### Task requirements:
Your answer should be the lines of the material that include the word "absolute".

^^^^

(* Let $G$ be a $\tau$-regular undirected graph with node set $V$, adjacency matrix $A$, and a partition $V=S\cup T$, $S\cap T=\emptyset$, with exactly $m$ edges between $S$ and $T$. Consider the GNN $H_0=X\in\mathbb{R}^{|V|\times d}$, $H_{l+1}=\sigma(H_lW_{1l}^\top+AH_lW_{2l}^\top)$ for $l=0,1,\dots$, where $\sigma$ is the entrywise ReLU and $W_{1l},W_{2l}\in\mathbb{R}^{d\times d}$ satisfy $\|W_{1l}\|_{1\to1}\le1$, $\|W_{2l}\|_{1\to1}\le1$. Let $\alpha\in\mathbb{R}^{|V|\times d}$ satisfy $|\alpha_{ij}|\le\epsilon$ for $i\in S$ and $\alpha_{ij}=0$ for $i\in T$, and let $\varepsilon_l=H_l(X+\alpha)-H_l(X)$, where $H_l(\cdot)$ denotes the $l$-th layer output as a function of the input features. Then for every $l\ge0$ there exist $V_l\in\mathbb{R}^{d}_{\ge0}$ with $\|V_l\|_1\le d$ and $r_l\in\mathbb{R}^{|V|\times d}$ with $\sum_{i,j}|(r_l)_{ij}|\le 2d\epsilon m(l+1)(\tau+1)^l$ such that, entrywise, $$|(\varepsilon_l)_{ij}|\le \epsilon(\tau+1)^l\,(V_l)_j\,(\mathbf{1}_S)_i+(r_l)_{ij}\quad\text{for all } i\in V,\ j\in\{1,\dots,d\}.$$ In particular $\sum_{i\in T}\sum_j|(\varepsilon_l)_{ij}|\le 2d\epsilon m(l+1)(\tau+1)^l$.
   Context: $\mathbf{1}_S\in\{0,1\}^{|V|}$ is the indicator vector of $S$. For $W\in\mathbb{R}^{d\times d}$, $\|W\|_{1\to1}=\max_k\sum_j|W_{jk}|$ is the operator norm induced by the $\ell_1$ norm (maximum absolute column sum). For a vector $V$, $\|V\|_1=\sum_j|V_j|$. *)

theory Defs
  imports Complex_Main
begin

text \<open>Node features are matrices indexed by a finite node type 'v and a finite
feature type 'd (so d = CARD('d)).\<close>

definition adj :: "('v \<Rightarrow> 'v \<Rightarrow> bool) \<Rightarrow> 'v \<Rightarrow> 'v \<Rightarrow> real" where
  "adj E i u = (if E i u then 1 else 0)"

definition relu :: "real \<Rightarrow> real" where
  "relu x = max 0 x"

primrec gnn :: "('v::finite \<Rightarrow> 'v \<Rightarrow> real) \<Rightarrow> (nat \<Rightarrow> 'd::finite \<Rightarrow> 'd \<Rightarrow> real)
   \<Rightarrow> (nat \<Rightarrow> 'd \<Rightarrow> 'd \<Rightarrow> real) \<Rightarrow> nat \<Rightarrow> ('v \<Rightarrow> 'd \<Rightarrow> real) \<Rightarrow> 'v \<Rightarrow> 'd \<Rightarrow> real" where
  "gnn A W1 W2 0 X = X"
| "gnn A W1 W2 (Suc l) X = (\<lambda>i j. relu
      ((\<Sum>k\<in>UNIV. gnn A W1 W2 l X i k * W1 l j k)
       + (\<Sum>u\<in>UNIV. A i u * (\<Sum>k\<in>UNIV. gnn A W1 W2 l X u k * W2 l j k))))"

text \<open>Operator norm induced by the l1 norm: maximum absolute column sum.\<close>
definition norm11 :: "('d::finite \<Rightarrow> 'd \<Rightarrow> real) \<Rightarrow> real" where
  "norm11 W = Max (range (\<lambda>k. \<Sum>j\<in>UNIV. \<bar>W j k\<bar>))"

end

theory Submission imports Defs begin

text \<open>ReLU is 1-Lipschitz, so the error of layer \<open>l + 1\<close> is bounded entrywise by the linear layer
  with absolute weights applied to the error of layer \<open>l\<close>. Write that error as
  \<open>c\<^sub>l V\<^sub>l \<one>\<^sub>S + r\<^sub>l\<close>. Pushing the first term through the layer gives at most \<open>(\<tau> + 1) c\<^sub>l\<close> times
  a new profile on \<open>S\<close>, plus a leak into \<open>T\<close> of total mass at most \<open>c\<^sub>l d m\<close>, since only the
  \<open>m\<close> cut edges carry it; the remainder grows by at most the factor \<open>\<tau> + 1\<close>, because the column
  sums of \<open>A\<close> are \<open>\<tau>\<close> and the weights have column norm at most 1. The masses therefore satisfy
  \<open>B\<^sub>l\<^sub>+\<^sub>1 \<le> (\<tau> + 1) B\<^sub>l + \<epsilon> (\<tau> + 1)\<^sup>l d m\<close>, which the stated bound dominates.\<close>

lemma relu_dist_le: "\<bar>relu a - relu b\<bar> \<le> \<bar>a - b\<bar>"
  unfolding relu_def by (auto simp: max_def)

lemma sum_abs_column_le_norm11:
  fixes W :: "'d::finite \<Rightarrow> 'd \<Rightarrow> real"
  shows "(\<Sum>j\<in>UNIV. \<bar>W j k\<bar>) \<le> norm11 W"
  unfolding norm11_def by (rule Max_ge) auto

lemma sum_weighted_columns_le:
  fixes W :: "'d::finite \<Rightarrow> 'd \<Rightarrow> real"
  assumes "norm11 W \<le> 1" "\<And>k. 0 \<le> f k"
  shows "(\<Sum>j\<in>UNIV. \<Sum>k\<in>UNIV. f k * \<bar>W j k\<bar>) \<le> (\<Sum>k\<in>UNIV. f k)"
proof -
  have "(\<Sum>j\<in>UNIV. \<Sum>k\<in>UNIV. f k * \<bar>W j k\<bar>) = (\<Sum>k\<in>UNIV. f k * (\<Sum>j\<in>UNIV. \<bar>W j k\<bar>))"
    by (subst sum.swap) (simp add: sum_distrib_left)
  also have "\<dots> \<le> (\<Sum>k\<in>UNIV. f k)"
    using order_trans[OF sum_abs_column_le_norm11 assms(1)] assms(2)
    by (intro sum_mono) (simp add: mult_left_le)
  finally show ?thesis .
qed

definition abs_layer :: "('v::finite \<Rightarrow> 'v \<Rightarrow> real) \<Rightarrow> ('d::finite \<Rightarrow> 'd \<Rightarrow> real) \<Rightarrow> ('d \<Rightarrow> 'd \<Rightarrow> real)
    \<Rightarrow> ('v \<Rightarrow> 'd \<Rightarrow> real) \<Rightarrow> 'v \<Rightarrow> 'd \<Rightarrow> real" where
  "abs_layer A W1 W2 F i j =
     (\<Sum>k\<in>UNIV. F i k * \<bar>W1 j k\<bar>) + (\<Sum>u\<in>UNIV. A i u * (\<Sum>k\<in>UNIV. F u k * \<bar>W2 j k\<bar>))"

lemma abs_layer_add:
  "abs_layer A W1 W2 (\<lambda>u k. F u k + G u k) i j = abs_layer A W1 W2 F i j + abs_layer A W1 W2 G i j"
  by (simp add: abs_layer_def algebra_simps sum.distrib)

lemma abs_layer_scale:
  "abs_layer A W1 W2 (\<lambda>u k. c * F u k) i j = c * abs_layer A W1 W2 F i j"
  by (simp add: abs_layer_def sum_distrib_left algebra_simps)

lemma abs_layer_mono:
  assumes "\<And>i u. 0 \<le> A i u" "\<And>u k. F u k \<le> G u k"
  shows "abs_layer A W1 W2 F i j \<le> abs_layer A W1 W2 G i j"
  unfolding abs_layer_def using assms
  by (intro add_mono sum_mono mult_left_mono mult_right_mono) auto

lemma abs_layer_nonneg:
  assumes "\<And>i u. 0 \<le> A i u" "\<And>u k. 0 \<le> F u k"
  shows "0 \<le> abs_layer A W1 W2 F i j"
  using abs_layer_mono[of A "\<lambda>_ _. 0" F] assms by (simp add: abs_layer_def)

lemma abs_layer_indicator:
  "abs_layer A W1 W2 (\<lambda>u k. of_bool (u \<in> S) * V k) i j
     = of_bool (i \<in> S) * (\<Sum>k\<in>UNIV. V k * \<bar>W1 j k\<bar>) + (\<Sum>u\<in>S. A i u) * (\<Sum>k\<in>UNIV. V k * \<bar>W2 j k\<bar>)"
proof -
  have "(\<Sum>u\<in>UNIV. A i u * (\<Sum>k\<in>UNIV. of_bool (u \<in> S) * V k * \<bar>W2 j k\<bar>))
          = (\<Sum>u\<in>UNIV. of_bool (u \<in> S) * A i u) * (\<Sum>k\<in>UNIV. V k * \<bar>W2 j k\<bar>)"
  proof -
    have "A i u * (\<Sum>k\<in>UNIV. of_bool (u \<in> S) * V k * \<bar>W2 j k\<bar>)
            = of_bool (u \<in> S) * A i u * (\<Sum>k\<in>UNIV. V k * \<bar>W2 j k\<bar>)" for u
      by (simp add: sum_distrib_left mult_ac)
    then show ?thesis unfolding sum_distrib_right by (rule sum.cong[OF refl])
  qed
  moreover have "(\<Sum>u\<in>UNIV. of_bool (u \<in> S) * A i u) = (\<Sum>u\<in>S. A i u)"
    by (simp add: sum.If_cases)
  ultimately show ?thesis
    by (simp add: abs_layer_def sum_distrib_left mult.assoc)
qed

lemma abs_linear_le_abs_layer:
  fixes A :: "'v::finite \<Rightarrow> 'v \<Rightarrow> real" and F :: "'v \<Rightarrow> 'd::finite \<Rightarrow> real"
  assumes "\<And>i u. 0 \<le> A i u"
  shows "\<bar>(\<Sum>k\<in>UNIV. F i k * U j k) + (\<Sum>u\<in>UNIV. A i u * (\<Sum>k\<in>UNIV. F u k * W j k))\<bar>
           \<le> abs_layer A U W (\<lambda>u k. \<bar>F u k\<bar>) i j"
proof -
  have "\<bar>\<Sum>u\<in>UNIV. A i u * (\<Sum>k\<in>UNIV. F u k * W j k)\<bar>
          \<le> (\<Sum>u\<in>UNIV. A i u * \<bar>\<Sum>k\<in>UNIV. F u k * W j k\<bar>)"
    using sum_abs[of "\<lambda>u. A i u * (\<Sum>k\<in>UNIV. F u k * W j k)" UNIV] assms by (simp add: abs_mult)
  also have "\<dots> \<le> (\<Sum>u\<in>UNIV. A i u * (\<Sum>k\<in>UNIV. \<bar>F u k\<bar> * \<bar>W j k\<bar>))"
    using assms by (intro sum_mono mult_left_mono) (auto simp: abs_mult[symmetric])
  finally show ?thesis
    unfolding abs_layer_def using sum_abs[of "\<lambda>k. F i k * U j k" UNIV]
    by (simp add: abs_mult)
qed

^^^^

### Answer to the problem:
   Context: $\mathbf{1}_S\in\{0,1\}^{|V|}$ is the indicator vector of $S$. For $W\in\mathbb{R}^{d\times d}$, $\|W\|_{1\to1}=\max_k\sum_j|W_{jk}|$ is the operator norm induced by the $\ell_1$ norm (maximum absolute column sum). For a vector $V$, $\|V\|_1=\sum_j|V_j|$. *)
text \<open>Operator norm induced by the l1 norm: maximum absolute column sum.\<close>
  with absolute weights applied to the error of layer \<open>l\<close>. Write that error as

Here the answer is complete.